== WHAT NEEDS TO BE DONE ==
Pull out of the data below the stretch of lines bounded by the one containing "text \<open>Testing the" and the one containing "Z^T : sigma m|^2", both bounds included, unchanged.

[Collected data entries]
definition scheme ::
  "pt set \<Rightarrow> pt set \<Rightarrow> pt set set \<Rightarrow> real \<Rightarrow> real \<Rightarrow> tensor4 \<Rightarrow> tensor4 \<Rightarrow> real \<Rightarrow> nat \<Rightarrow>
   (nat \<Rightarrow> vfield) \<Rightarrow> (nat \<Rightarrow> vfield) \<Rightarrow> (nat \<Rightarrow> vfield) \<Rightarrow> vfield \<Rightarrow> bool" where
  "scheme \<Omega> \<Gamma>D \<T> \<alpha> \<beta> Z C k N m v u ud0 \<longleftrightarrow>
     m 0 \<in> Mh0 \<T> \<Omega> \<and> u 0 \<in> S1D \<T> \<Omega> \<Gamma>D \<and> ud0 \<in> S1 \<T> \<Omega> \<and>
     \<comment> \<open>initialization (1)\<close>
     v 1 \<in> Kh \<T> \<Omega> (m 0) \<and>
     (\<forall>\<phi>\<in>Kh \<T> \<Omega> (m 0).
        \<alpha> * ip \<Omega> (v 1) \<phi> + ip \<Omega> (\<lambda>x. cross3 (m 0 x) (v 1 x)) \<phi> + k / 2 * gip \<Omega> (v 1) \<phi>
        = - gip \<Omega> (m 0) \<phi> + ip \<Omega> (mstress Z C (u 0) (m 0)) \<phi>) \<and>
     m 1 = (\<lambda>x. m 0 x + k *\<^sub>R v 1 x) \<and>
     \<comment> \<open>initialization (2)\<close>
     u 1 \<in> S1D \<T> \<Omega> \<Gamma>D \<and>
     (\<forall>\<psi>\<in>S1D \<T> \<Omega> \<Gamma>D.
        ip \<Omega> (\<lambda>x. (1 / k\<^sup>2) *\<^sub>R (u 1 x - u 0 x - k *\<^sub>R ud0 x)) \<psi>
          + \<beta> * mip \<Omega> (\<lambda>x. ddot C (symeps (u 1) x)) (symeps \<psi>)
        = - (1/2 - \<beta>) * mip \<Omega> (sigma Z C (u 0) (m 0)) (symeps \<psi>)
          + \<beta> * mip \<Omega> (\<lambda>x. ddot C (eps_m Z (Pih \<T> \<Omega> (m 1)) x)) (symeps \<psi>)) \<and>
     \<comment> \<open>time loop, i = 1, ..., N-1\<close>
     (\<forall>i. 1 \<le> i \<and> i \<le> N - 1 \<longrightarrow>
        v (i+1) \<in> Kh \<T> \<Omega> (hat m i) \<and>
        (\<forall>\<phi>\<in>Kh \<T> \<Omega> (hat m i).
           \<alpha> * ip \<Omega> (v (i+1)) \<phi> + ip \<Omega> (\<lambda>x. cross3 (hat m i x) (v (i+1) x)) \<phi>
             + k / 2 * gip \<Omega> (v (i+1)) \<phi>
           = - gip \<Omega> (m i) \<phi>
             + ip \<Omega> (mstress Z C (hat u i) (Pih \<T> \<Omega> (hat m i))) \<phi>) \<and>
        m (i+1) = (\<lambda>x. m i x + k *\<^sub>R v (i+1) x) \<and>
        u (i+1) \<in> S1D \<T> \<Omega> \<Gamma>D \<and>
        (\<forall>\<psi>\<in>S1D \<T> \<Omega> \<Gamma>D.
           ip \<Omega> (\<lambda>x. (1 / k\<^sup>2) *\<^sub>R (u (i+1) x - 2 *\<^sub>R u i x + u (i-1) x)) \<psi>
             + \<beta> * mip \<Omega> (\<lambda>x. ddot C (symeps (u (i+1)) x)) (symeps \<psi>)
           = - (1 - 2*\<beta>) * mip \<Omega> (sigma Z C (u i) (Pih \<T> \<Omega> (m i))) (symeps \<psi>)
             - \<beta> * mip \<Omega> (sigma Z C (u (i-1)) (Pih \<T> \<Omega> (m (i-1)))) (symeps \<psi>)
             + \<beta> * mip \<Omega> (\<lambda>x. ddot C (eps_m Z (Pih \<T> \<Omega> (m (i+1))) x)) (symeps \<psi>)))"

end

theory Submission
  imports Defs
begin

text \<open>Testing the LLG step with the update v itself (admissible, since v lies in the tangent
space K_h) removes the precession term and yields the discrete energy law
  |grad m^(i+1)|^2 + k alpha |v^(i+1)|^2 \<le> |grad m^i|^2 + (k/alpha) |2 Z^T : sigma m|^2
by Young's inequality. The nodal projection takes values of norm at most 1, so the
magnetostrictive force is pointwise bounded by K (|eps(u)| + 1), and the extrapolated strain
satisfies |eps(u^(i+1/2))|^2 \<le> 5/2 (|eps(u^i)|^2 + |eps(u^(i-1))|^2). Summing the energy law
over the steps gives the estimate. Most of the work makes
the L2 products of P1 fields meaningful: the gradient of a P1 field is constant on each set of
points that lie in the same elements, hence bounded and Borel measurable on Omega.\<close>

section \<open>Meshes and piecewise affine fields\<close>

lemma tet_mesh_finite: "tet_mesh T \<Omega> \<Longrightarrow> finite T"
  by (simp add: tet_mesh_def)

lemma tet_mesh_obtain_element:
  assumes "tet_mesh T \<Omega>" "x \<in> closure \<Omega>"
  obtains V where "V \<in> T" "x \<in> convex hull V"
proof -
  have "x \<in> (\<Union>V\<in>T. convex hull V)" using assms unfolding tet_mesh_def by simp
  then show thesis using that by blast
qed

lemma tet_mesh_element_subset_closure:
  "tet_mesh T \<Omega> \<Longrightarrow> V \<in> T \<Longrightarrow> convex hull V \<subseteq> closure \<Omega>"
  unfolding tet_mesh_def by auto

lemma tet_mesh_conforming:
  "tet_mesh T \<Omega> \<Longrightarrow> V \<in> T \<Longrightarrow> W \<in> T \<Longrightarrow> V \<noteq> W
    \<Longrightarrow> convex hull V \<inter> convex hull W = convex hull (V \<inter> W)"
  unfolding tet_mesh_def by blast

== ANSWER AREA ==
text \<open>Testing the LLG step with the update v itself (admissible, since v lies in the tangent
space K_h) removes the precession term and yields the discrete energy law
  |grad m^(i+1)|^2 + k alpha |v^(i+1)|^2 \<le> |grad m^i|^2 + (k/alpha) |2 Z^T : sigma m|^2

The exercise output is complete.